Q: The exam was solely for the purpose of litigation?
Q: You were retained by the defense?
Q: To conduct an honest evaluation?
Q: To conduct a fair evaluation?
Q: To write down all appropriate findings?
Q: To include all relevant information?
Q: And certainly not leave out or omit things that could in any way be regarded as having an important bearing on the case?
With this set up the doctor can be made to look foolish stating for the first time, in court, that he found your client to be dishonest:
Q: Now, Doctor, you just stated that you found my client to be dishonest, true?
Q: Certainly we can agree that that is something relevant to the case?
Q: Certainly we can agree that this has an important bearing on the case?
Q: You, however, already told us that your report contains all relevant information?
Now confront the witness with his own report in one of two ways:
Q: Isn’t it true that there is not one single word about that in your report? or
Q: Show us any place in your report, in which you included all relevant information, where it says one word about that.
Obviously, if the witness continues to fight with you, this would be a good time to start the collateral attack.

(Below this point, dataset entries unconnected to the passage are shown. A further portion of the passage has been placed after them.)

(* There exist constants $\epsilon>0$, $c>0$ and $d_0>1$ such that for every $p=p(n)$ with $\frac{d_0}{n}\le p\le\frac{2\ln n}{n}$, a.a.s. every set $S\subseteq V(H_{n,p})$ inducing a connected subgraph, with $|S|\ge\frac{c\ln n}{d}$ and $d(S)\le\frac{d(H_{n,p})}{2}$, satisfies $e^{\mathrm{out}}(S)\ge\epsilon\,d\,|S|$.
   Context: $G_{n,p}$ is the random graph on $V_n=\{1,\dots,n\}$ with each possible edge present independently with probability $p$; $d=pn$; $H_{n,p}$ is the largest component of $G_{n,p}$; a.a.s. means with probability tending to $1$. For a vertex set $S$, $d(S)=\sum_{v\in S}d(v)$ is the sum of degrees, $d(H_{n,p})$ is the sum of degrees over all vertices of $H_{n,p}$, and $e^{\mathrm{out}}(S)$ is the number of edges with exactly one endpoint in $S$. *)

theory Defs
  imports Complex_Main
begin

text \<open>Graphs on the vertex set {1..n} are represented by their edge sets:
  sets of 2-element subsets of {1..n}.\<close>

definition all_edges :: "nat \<Rightarrow> nat set set" where
  "all_edges n = {e. \<exists>u v. u \<in> {1..n} \<and> v \<in> {1..n} \<and> u \<noteq> v \<and> e = {u, v}}"

definition gnp_prob :: "nat \<Rightarrow> real \<Rightarrow> (nat set set \<Rightarrow> bool) \<Rightarrow> real" where
  "gnp_prob n p P =
     (\<Sum>E \<in> {E \<in> Pow (all_edges n). P E}.
        p ^ card E * (1 - p) ^ (card (all_edges n) - card E))"

definition degree :: "nat set set \<Rightarrow> nat \<Rightarrow> nat" where
  "degree E v = card {u. u \<noteq> v \<and> {u, v} \<in> E}"

definition deg_sum :: "nat set set \<Rightarrow> nat set \<Rightarrow> nat" where
  "deg_sum E S = (\<Sum>v\<in>S. degree E v)"

definition e_out :: "nat set set \<Rightarrow> nat set \<Rightarrow> nat" where
  "e_out E S = card {e \<in> E. card (e \<inter> S) = 1}"

definition ind_rel :: "nat set set \<Rightarrow> nat set \<Rightarrow> (nat \<times> nat) set" where
  "ind_rel E A = {(x, y). x \<in> A \<and> y \<in> A \<and> x \<noteq> y \<and> {x, y} \<in> E}"

definition connected_set :: "nat set set \<Rightarrow> nat set \<Rightarrow> bool" where
  "connected_set E S \<longleftrightarrow> S \<noteq> {} \<and> (\<forall>u\<in>S. \<forall>v\<in>S. (u, v) \<in> (ind_rel E S)\<^sup>*)"

definition component :: "nat set set \<Rightarrow> nat \<Rightarrow> nat set \<Rightarrow> bool" where
  "component E n C \<longleftrightarrow>
     (\<exists>v\<in>{1..n}. C = {u \<in> {1..n}. (v, u) \<in> (ind_rel E {1..n})\<^sup>*})"

definition largest_component :: "nat set set \<Rightarrow> nat \<Rightarrow> nat set \<Rightarrow> bool" where
  "largest_component E n H \<longleftrightarrow>
     component E n H \<and> (\<forall>C. component E n C \<longrightarrow> card C \<le> card H)"

end

theory Submission
  imports Defs "HOL-Library.FuncSet" "HOL-Real_Asymp.Real_Asymp"
begin

text \<open>A first-moment argument, with \<open>\<epsilon> = 1/80\<close>, \<open>c = 640\<close>, \<open>d\<^sub>0 = 160000\<close>. A violating set
  \<open>S\<close> of size \<open>k\<close> is small (\<open>k \<le> 19n/20\<close>) or large. A small one carries a spanning tree, and the
  chance that a given tree is present while fewer than \<open>dk/80\<close> of the at least \<open>kn/20\<close> boundary
  pairs of \<open>S\<close> are edges is at most \<open>p^(k-1) exp(-dk/80)\<close>; this beats the at most
  \<open>(n choose k) k^k\<close> choices of \<open>S\<close> and tree as soon as \<open>k \<ge> 640 ln n / d\<close>. A large one satisfies
  \<open>d(S) \<le> d(H)/2 \<le> d(V - S)\<close>, so at most half of the edges lie inside \<open>S\<close> although \<open>S\<close> spans
  about 90% of all pairs; this has probability \<open>exp(-pn\<^sup>2/10)\<close>, beating the \<open>2^n\<close> choices of \<open>S\<close>.
  Both tail bounds are Chernoff bounds, i.e. Markov's inequality for an exponential moment, which
  factorises over the independent edges of \<open>G(n,p)\<close>.\<close>

definition inner_pairs :: "nat set \<Rightarrow> nat set set" where
  "inner_pairs S = {e. e \<subseteq> S \<and> card e = 2}"

lemma all_edges_eq_inner_pairs: "all_edges n = inner_pairs {1..n}"
  unfolding all_edges_def inner_pairs_def by (auto simp: card_2_iff; blast)

lemma finite_inner_pairs: "finite S \<Longrightarrow> finite (inner_pairs S)"
  unfolding inner_pairs_def by (rule finite_subset[of _ "Pow S"]) auto

lemma finite_all_edges: "finite (all_edges n)"
  by (simp add: all_edges_eq_inner_pairs finite_inner_pairs)

lemma real_card_inner_pairs:
  assumes "finite S"
  shows "real (card (inner_pairs S)) = real (card S) * (real (card S) - 1) / 2"
proof -
  let ?k = "card S"
  have "card (inner_pairs S) = ?k * (?k - 1) div 2"
    unfolding inner_pairs_def using n_subsets[OF assms, of 2] by (simp add: choose_two)
  moreover have "even (?k * (?k - 1))" by (cases ?k) simp_all
  ultimately have "2 * real (card (inner_pairs S)) = real ?k * real (?k - 1)"
    by (metis dvd_mult_div_cancel of_nat_mult of_nat_numeral)
  then show ?thesis by (cases ?k) auto
qed

lemma inner_pairs_subset_all_edges: "S \<subseteq> {1..n} \<Longrightarrow> inner_pairs S \<subseteq> all_edges n"
  unfolding all_edges_eq_inner_pairs inner_pairs_def by auto

definition gnp_weight :: "nat \<Rightarrow> real \<Rightarrow> nat set set \<Rightarrow> real" where
  "gnp_weight n p E = p ^ card E * (1 - p) ^ (card (all_edges n) - card E)"

definition gnp_expectation :: "nat \<Rightarrow> real \<Rightarrow> (nat set set \<Rightarrow> real) \<Rightarrow> real" where
  "gnp_expectation n p \<Phi> = (\<Sum>E\<in>Pow (all_edges n). gnp_weight n p E * \<Phi> E)"

lemma gnp_prob_eq_expectation: "gnp_prob n p P = gnp_expectation n p (\<lambda>E. if P E then 1 else 0)"
proof -
  have "gnp_expectation n p (\<lambda>E. if P E then 1 else 0)
      = (\<Sum>E\<in>Pow (all_edges n). if P E then gnp_weight n p E else 0)"
    unfolding gnp_expectation_def by (rule sum.cong) auto
  also have "\<dots> = (\<Sum>E\<in>{E \<in> Pow (all_edges n). P E}. gnp_weight n p E)"
    using sum.inter_filter[of "Pow (all_edges n)" "gnp_weight n p" P] by (simp add: finite_all_edges)
  finally show ?thesis unfolding gnp_prob_def gnp_weight_def by simp
qed

lemma gnp_expectation_cong:
  "(\<And>E. E \<subseteq> all_edges n \<Longrightarrow> \<Phi> E = \<Psi> E) \<Longrightarrow> gnp_expectation n p \<Phi> = gnp_expectation n p \<Psi>"
  unfolding gnp_expectation_def by (rule sum.cong) auto

lemma gnp_expectation_mono:
  assumes "0 \<le> p" "p \<le> 1" "\<And>E. E \<subseteq> all_edges n \<Longrightarrow> \<Phi> E \<le> \<Psi> E"
  shows "gnp_expectation n p \<Phi> \<le> gnp_expectation n p \<Psi>"
  unfolding gnp_expectation_def gnp_weight_def using assms by (auto intro!: sum_mono mult_left_mono)

lemma gnp_expectation_add:
  "gnp_expectation n p (\<lambda>E. \<Phi> E + \<Psi> E) = gnp_expectation n p \<Phi> + gnp_expectation n p \<Psi>"
  unfolding gnp_expectation_def by (simp add: distrib_left sum.distrib)

lemma gnp_expectation_sum:
  "gnp_expectation n p (\<lambda>E. \<Sum>i\<in>I. \<Phi> i E) = (\<Sum>i\<in>I. gnp_expectation n p (\<Phi> i))"
  unfolding gnp_expectation_def sum_distrib_left by (rule sum.swap)

lemma gnp_expectation_cmult: "gnp_expectation n p (\<lambda>E. c * \<Phi> E) = c * gnp_expectation n p \<Phi>"
  unfolding gnp_expectation_def by (simp add: sum_distrib_left mult_ac)

lemma gnp_expectation_prod:
  fixes g :: "nat set \<Rightarrow> bool \<Rightarrow> real"
  shows "gnp_expectation n p (\<lambda>E. \<Prod>e\<in>all_edges n. g e (e \<in> E))
       = (\<Prod>e\<in>all_edges n. p * g e True + (1 - p) * g e False)"
proof -
  let ?N = "all_edges n"
  have "(\<Prod>e\<in>?N. p * g e True + (1 - p) * g e False)
     = (\<Sum>X\<in>Pow ?N. (\<Prod>e\<in>X. p * g e True) * (\<Prod>e\<in>?N - X. (1 - p) * g e False))"
    by (rule prod_add[OF finite_all_edges])
  also have "\<dots> = (\<Sum>X\<in>Pow ?N. gnp_weight n p X * (\<Prod>e\<in>?N. g e (e \<in> X)))"
  proof (rule sum.cong[OF refl])
    fix X assume "X \<in> Pow ?N"
    then have XN: "X \<subseteq> ?N" and fX: "finite X"
      using finite_all_edges finite_subset by auto
    have "(\<Prod>e\<in>?N. g e (e \<in> X)) = (\<Prod>e\<in>X. g e (e \<in> X)) * (\<Prod>e\<in>?N - X. g e (e \<in> X))"
      using prod.subset_diff[OF XN finite_all_edges, of "\<lambda>e. g e (e \<in> X)"] by (simp add: mult.commute)
    also have "\<dots> = (\<Prod>e\<in>X. g e True) * (\<Prod>e\<in>?N - X. g e False)"
      by (intro arg_cong2[where f = "(*)"] prod.cong) auto
    finally show "(\<Prod>e\<in>X. p * g e True) * (\<Prod>e\<in>?N - X. (1 - p) * g e False)
        = gnp_weight n p X * (\<Prod>e\<in>?N. g e (e \<in> X))"
      using XN fX by (simp add: gnp_weight_def prod.distrib card_Diff_subset mult_ac)
  qed
  finally show ?thesis unfolding gnp_expectation_def by simp
qed

lemma prod_indicator_power:
  assumes "finite N" "A \<subseteq> N"
  shows "(\<Prod>e\<in>N. if e \<in> A then c else 1) = (c :: 'a :: comm_monoid_mult) ^ card A"
  using prod.inter_restrict[OF assms(1), of "\<lambda>_. c" A] assms by (simp add: Int_absorb1)

lemma prod_indicator_subset:
  assumes "finite N" "F \<subseteq> N"
  shows "(\<Prod>e\<in>N. if e \<in> F then (if e \<in> E then 1 else 0) else 1) = (if F \<subseteq> E then 1 else (0::real))"
proof -
  have "(\<Prod>e\<in>N. if e \<in> F then (if e \<in> E then 1 else 0) else 1) = (\<Prod>e\<in>F. if e \<in> E then 1 else (0::real))"
    using prod.inter_restrict[OF assms(1), of "\<lambda>e. if e \<in> E then 1 else (0::real)" F] assms(2)
    by (simp add: Int_absorb1)
  also have "\<dots> = (if F \<subseteq> E then 1 else 0)"
    using finite_subset[OF assms(2,1)] by (auto simp: prod_zero_iff subset_iff)
  finally show ?thesis .
qed
(* Let $X \subseteq \mathbb{Z}^2$ be finite, full-dimensional and lattice-convex. Then $H(X) \le \mathrm{rc}(X) \le H(X) + 1$.
   Context: $X$ is lattice-convex if $\mathrm{conv}(X)\cap\mathbb{Z}^2 = X$. $\mathrm{rc}(X)$ is the smallest number of facets of a polyhedron $P$ with $P\cap\mathbb{Z}^2 = X$. A hiding set for $X$ is a set $H \subseteq (\mathrm{aff}(X)\cap\mathbb{Z}^2)\setminus X$ such that $\mathrm{conv}(\{x,y\})\cap\mathrm{conv}(X)\ne\emptyset$ for all distinct $x,y\in H$; $H(X)$ is the maximum cardinality of a hiding set for $X$. *)

theory Defs
  imports "HOL-Analysis.Analysis" "HOL-Library.Extended_Nat"
begin

definition lattice2 :: "(real^2) set" where
  "lattice2 = {x. \<forall>i. x $ i \<in> \<int>}"

definition lattice_convex :: "(real^2) set \<Rightarrow> bool" where
  "lattice_convex X \<longleftrightarrow> convex hull X \<inter> lattice2 = X"

definition rc :: "(real^2) set \<Rightarrow> nat" where
  "rc X = (LEAST k. \<exists>P. polyhedron P \<and> P \<inter> lattice2 = X \<and> card {F. F facet_of P} = k)"

definition hiding_set :: "(real^2) set \<Rightarrow> (real^2) set \<Rightarrow> bool" where
  "hiding_set X H \<longleftrightarrow> H \<subseteq> (affine hull X \<inter> lattice2) - X \<and>
     (\<forall>x\<in>H. \<forall>y\<in>H. x \<noteq> y \<longrightarrow> closed_segment x y \<inter> convex hull X \<noteq> {})"

definition hiding_number :: "(real^2) set \<Rightarrow> enat" where
  "hiding_number X = (SUP H\<in>{H. hiding_set X H}. if finite H then enat (card H) else \<infinity>)"

end

theory Submission
  imports Defs
begin

text \<open>
  Let \<open>P\<close> be a polyhedron with \<open>P \<inter> \<int>\<^sup>2 = X\<close> and \<open>p\<close> an interior point of
  \<open>conv X\<close>. A point \<open>z\<close> of a hiding set lies outside \<open>P\<close>, so the segment from \<open>p\<close> to \<open>z\<close>
  leaves \<open>P\<close> through a facet whose open outer halfplane contains \<open>z\<close>. Two points beyond the
  same facet are joined by a segment inside that halfplane, which misses \<open>conv X\<close>; so distinct
  points of a hiding set leave through distinct facets.

  Call a direction \<open>u\<close> separating for a lattice point \<open>z \<notin> X\<close> if
  \<open>u \<bullet> z > max (u \<bullet> X)\<close>. Written as angles in \<open>(0, 2 pi)\<close>, the separating directions of \<open>z\<close>
  form an open interval unless the angle \<open>0\<close> already separates \<open>z\<close>. Lattice points in a bounded
  region suffice: every lattice point \<open>z \<notin> X\<close> has one in \<open>conv (X \<union> {z})\<close>, found on the
  lattice line next to the edge of \<open>conv X\<close> facing \<open>z\<close>, and a direction separating that point
  also separates \<open>z\<close>. For these finitely many intervals the greedy algorithm yields a set \<open>T\<close>
  of angles meeting all of them together with \<open>|T|\<close> pairwise disjoint ones. The lattice points
  of the disjoint intervals form a hiding set, since a segment between two of them missing
  \<open>conv X\<close> is separated from \<open>X\<close> by a direction in both intervals. The supporting halfplanes
  in the directions \<open>T \<union> {0}\<close> cut out a polyhedron with lattice points \<open>X\<close> and at most
  \<open>|T| + 1\<close> facets.
\<close>

section \<open>Lattice points of the plane\<close>

lemma inner_vec2: "inner (x::real^2) y = x$1 * y$1 + x$2 * y$2"
  by (simp add: inner_vec_def sum_2)

lemma lattice2_iff: "x \<in> lattice2 \<longleftrightarrow> x$1 \<in> \<int> \<and> x$2 \<in> \<int>"
  by (simp add: lattice2_def forall_2)

lemma lattice2_diff: "x \<in> lattice2 \<Longrightarrow> y \<in> lattice2 \<Longrightarrow> x - y \<in> lattice2"
  by (simp add: lattice2_iff)

lemma inner_lattice2_Ints: "x \<in> lattice2 \<Longrightarrow> y \<in> lattice2 \<Longrightarrow> inner x y \<in> \<int>"
  by (simp add: lattice2_iff inner_vec2)
(* Let $A=(a(i,j))_{i,j\in I}$ be a generalized Cartan matrix over $I=\{1,\dots,n\}$ and let $W^{\mathrm{spin}}=W^{\mathrm{spin}}(A)$ be the group with presentation $\langle r_1,\dots,r_n\mid r_i^8=1\ (i\in I);\ r_j^{-1}r_i^2r_j=r_i^2r_j^{2n(i,j)}\ (i\ne j);\ \underbrace{r_ir_jr_i\cdots}_{m_{ij}}=\underbrace{r_jr_ir_j\cdots}_{m_{ij}}\ (i\ne j)\rangle$. Then for all $i\ne j\in I$: (a) $[r_i^2,r_j^2]=r_j^{4n(i,j)}$ and $r_i^{4n(j,i)}=r_j^{4n(i,j)}$; (b) if $n(i,j)=n(j,i)=1$ then $r_i^4=r_j^4$, and otherwise $[r_i^2,r_j^2]=1$; (c) if $n(i,j)=0$ and $n(j,i)=1$ then $r_i^4=1$; (d) $r_jr_i^4r_j^{-1}=r_i^4$ if $n(i,j)=0$ and $r_jr_i^4r_j^{-1}=r_i^2r_j^2r_i^2r_j^2$ if $n(i,j)=1$; (e) $[r_j,r_i^4]=1$. In particular, the subgroup $\langle r_i^4\mid i\in I\rangle$ is central in $W^{\mathrm{spin}}$.
   Context: A generalized Cartan matrix satisfies $a(i,i)=2$, $a(i,j)\in\mathbb Z_{\le0}$ for $i\neq j$, and $a(i,j)=0\iff a(j,i)=0$. For $i\ne j$: $n(i,j)=0$ if $a(i,j)$ is even and $n(i,j)=1$ if $a(i,j)$ is odd; $m_{ij}=2,3,4,6$ if $a(i,j)a(j,i)=0,1,2,3$ respectively, and $m_{ij}=0$ (no braid relation) if $a(i,j)a(j,i)\ge4$. Commutator convention $[x,y]=x^{-1}y^{-1}xy$. *)

theory Defs
  imports "HOL-Algebra.Algebra"
begin

definition gcm :: "nat set \<Rightarrow> (nat \<Rightarrow> nat \<Rightarrow> int) \<Rightarrow> bool" where
  "gcm I a \<longleftrightarrow> (\<forall>i\<in>I. a i i = 2) \<and>
     (\<forall>i\<in>I. \<forall>j\<in>I. i \<noteq> j \<longrightarrow> a i j \<le> 0) \<and>
     (\<forall>i\<in>I. \<forall>j\<in>I. i \<noteq> j \<longrightarrow> (a i j = 0 \<longleftrightarrow> a j i = 0))"

definition npar :: "(nat \<Rightarrow> nat \<Rightarrow> int) \<Rightarrow> nat \<Rightarrow> nat \<Rightarrow> nat" where
  "npar a i j = (if even (a i j) then 0 else 1)"

text \<open>Braid exponent m_ij (0 means no braid relation).\<close>
definition mexp :: "(nat \<Rightarrow> nat \<Rightarrow> int) \<Rightarrow> nat \<Rightarrow> nat \<Rightarrow> nat" where
  "mexp a i j = (let p = a i j * a j i in
     if p = 0 then 2 else if p = 1 then 3 else if p = 2 then 4 else if p = 3 then 6 else 0)"

fun alt_word :: "('g, 'b) monoid_scheme \<Rightarrow> 'g \<Rightarrow> 'g \<Rightarrow> nat \<Rightarrow> 'g" where
  "alt_word G x y 0 = \<one>\<^bsub>G\<^esub>"
| "alt_word G x y (Suc m) = x \<otimes>\<^bsub>G\<^esub> alt_word G y x m"

definition commutator :: "('g, 'b) monoid_scheme \<Rightarrow> 'g \<Rightarrow> 'g \<Rightarrow> 'g" where
  "commutator G x y = inv\<^bsub>G\<^esub> x \<otimes>\<^bsub>G\<^esub> inv\<^bsub>G\<^esub> y \<otimes>\<^bsub>G\<^esub> x \<otimes>\<^bsub>G\<^esub> y"

definition spin_relations :: "('g, 'b) monoid_scheme \<Rightarrow> nat set \<Rightarrow> (nat \<Rightarrow> nat \<Rightarrow> int) \<Rightarrow> (nat \<Rightarrow> 'g) \<Rightarrow> bool" where
  "spin_relations G I a r \<longleftrightarrow>
     (\<forall>i\<in>I. r i \<in> carrier G) \<and>
     (\<forall>i\<in>I. r i [^]\<^bsub>G\<^esub> (8::nat) = \<one>\<^bsub>G\<^esub>) \<and>
     (\<forall>i\<in>I. \<forall>j\<in>I. i \<noteq> j \<longrightarrow>
        inv\<^bsub>G\<^esub> (r j) \<otimes>\<^bsub>G\<^esub> r i [^]\<^bsub>G\<^esub> (2::nat) \<otimes>\<^bsub>G\<^esub> r j
          = r i [^]\<^bsub>G\<^esub> (2::nat) \<otimes>\<^bsub>G\<^esub> r j [^]\<^bsub>G\<^esub> (2 * npar a i j)) \<and>
     (\<forall>i\<in>I. \<forall>j\<in>I. i \<noteq> j \<longrightarrow>
        alt_word G (r i) (r j) (mexp a i j) = alt_word G (r j) (r i) (mexp a i j))"

end

(*
  Write s = r i ^ 2 and y = r j. The defining relation y^-1 s y = s y^(2 n(i,j)) says that y
  commutes with s when n(i,j) = 0; when n(i,j) = 1, cancelling y turns it into s = y s y, i.e.
  conjugation by s inverts y. In both cases s^2 = r i ^ 4 commutes with y and
  [s, y^2] = y^(4 n(i,j)), which gives (d), (e) and the first half of (a). As [r j ^ 2, r i ^ 2] is
  the inverse of [r i ^ 2, r j ^ 2] and r i ^ 4 is an involution, comparing the two commutators
  yields r i ^ (4 n(j,i)) = r j ^ (4 n(i,j)), and (b), (c) follow. Centralizers are subgroups, so
  generators that commute pairwise generate subgroups that commute elementwise.
*)
theory Submission
  imports Defs
begin

definition centralizer :: "('g, 'b) monoid_scheme \<Rightarrow> 'g \<Rightarrow> 'g set" where
  "centralizer G a = {x \<in> carrier G. x \<otimes>\<^bsub>G\<^esub> a = a \<otimes>\<^bsub>G\<^esub> x}"

lemma npar_le_1: "npar a i j \<le> 1"
  by (simp add: npar_def)

context group begin

lemma commutator_eq_one_iff:
  assumes "a \<in> carrier G" "b \<in> carrier G"
  shows "commutator G a b = \<one> \<longleftrightarrow> a \<otimes> b = b \<otimes> a"
proof -
  have "commutator G a b = inv (b \<otimes> a) \<otimes> (a \<otimes> b)"
    unfolding commutator_def using assms by (simp add: inv_mult_group m_assoc)
  then show ?thesis
    using assms by (metis inv_closed inv_inv m_closed inv_equality l_inv)
qed

lemma inv_commutator:
  assumes "a \<in> carrier G" "b \<in> carrier G"
  shows "inv (commutator G a b) = commutator G b a"
  unfolding commutator_def using assms by (simp add: inv_mult_group m_assoc)

lemma subgroup_centralizer:
  assumes "a \<in> carrier G"
  shows "subgroup (centralizer G a) G"
proof (rule subgroupI)
  fix x assume "x \<in> centralizer G a"
  then have x: "x \<in> carrier G" and xa: "x \<otimes> a = a \<otimes> x"
    by (simp_all add: centralizer_def)
  have "inv x \<otimes> a = inv x \<otimes> (a \<otimes> x) \<otimes> inv x"
    using assms x by (simp add: m_assoc)
  also have "\<dots> = a \<otimes> inv x"
    using assms x by (simp add: xa[symmetric] m_assoc[symmetric])
  finally show "inv x \<in> centralizer G a"
    using x by (simp add: centralizer_def)
next
  fix x y assume "x \<in> centralizer G a" "y \<in> centralizer G a"
  then have x: "x \<in> carrier G" "x \<otimes> a = a \<otimes> x" and y: "y \<in> carrier G" "y \<otimes> a = a \<otimes> y"
    by (simp_all add: centralizer_def)
  have "x \<otimes> y \<otimes> a = x \<otimes> a \<otimes> y"
    using assms x(1) y by (simp add: m_assoc)
  also have "\<dots> = a \<otimes> x \<otimes> y"
    by (simp add: x(2))
  also have "\<dots> = a \<otimes> (x \<otimes> y)"
    using assms x y by (simp add: m_assoc)
  finally show "x \<otimes> y \<in> centralizer G a"
    using x y by (simp add: centralizer_def)
qed (use assms in \<open>auto simp: centralizer_def\<close>)

lemma generate_commute:
  assumes A: "A \<subseteq> carrier G" and B: "B \<subseteq> carrier G"
    and commute: "\<And>a b. a \<in> A \<Longrightarrow> b \<in> B \<Longrightarrow> a \<otimes> b = b \<otimes> a"
    and a: "a \<in> generate G A" and b: "b \<in> generate G B"
  shows "a \<otimes> b = b \<otimes> a"
proof -
  have "generate G A \<subseteq> centralizer G b'" if "b' \<in> B" for b'
    using A B commute that
    by (intro generate_subgroup_incl subgroup_centralizer) (auto simp: centralizer_def)
  then have "a \<otimes> b' = b' \<otimes> a" if "b' \<in> B" for b'
    using a that by (auto simp: centralizer_def)
  then have "B \<subseteq> centralizer G a"
    using B by (auto simp: centralizer_def)
  then have "generate G B \<subseteq> centralizer G a"
    using generate_incl[OF A] a by (intro generate_subgroup_incl subgroup_centralizer) auto
  then have "b \<otimes> a = a \<otimes> b"
    using b by (auto simp: centralizer_def)
  then show ?thesis
    by simp
qed

lemma twisted_conj_imp_inverts:
  assumes s: "s \<in> carrier G" and y: "y \<in> carrier G"
    and conj: "inv y \<otimes> s \<otimes> y = s \<otimes> (y \<otimes> y)"
  shows "y \<otimes> s = s \<otimes> inv y"
proof -
  have "s \<otimes> y = y \<otimes> (inv y \<otimes> s \<otimes> y)"
    using s y by (simp add: m_assoc[symmetric])
  also have "\<dots> = y \<otimes> s \<otimes> y \<otimes> y"
    using s y by (simp add: conj m_assoc)
  finally have "s = y \<otimes> s \<otimes> y"
    using s y by (metis m_closed r_cancel)
  then show ?thesis
    using s y by (metis inv_solve_right' m_closed)
qed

While your cross-examination will undoubtedly touch on the areas contained in a defense doctor’s report which actively dispute the findings of your own doctors, the skillful advocate will score points by focusing on the negative, that which the report does not contain, to undermine the credibility of the defendant’s expert. Working with the negatives can reveal the weakness of defendant’s position and ultimately enhance your credibility and serve to strengthen your arguments on summation.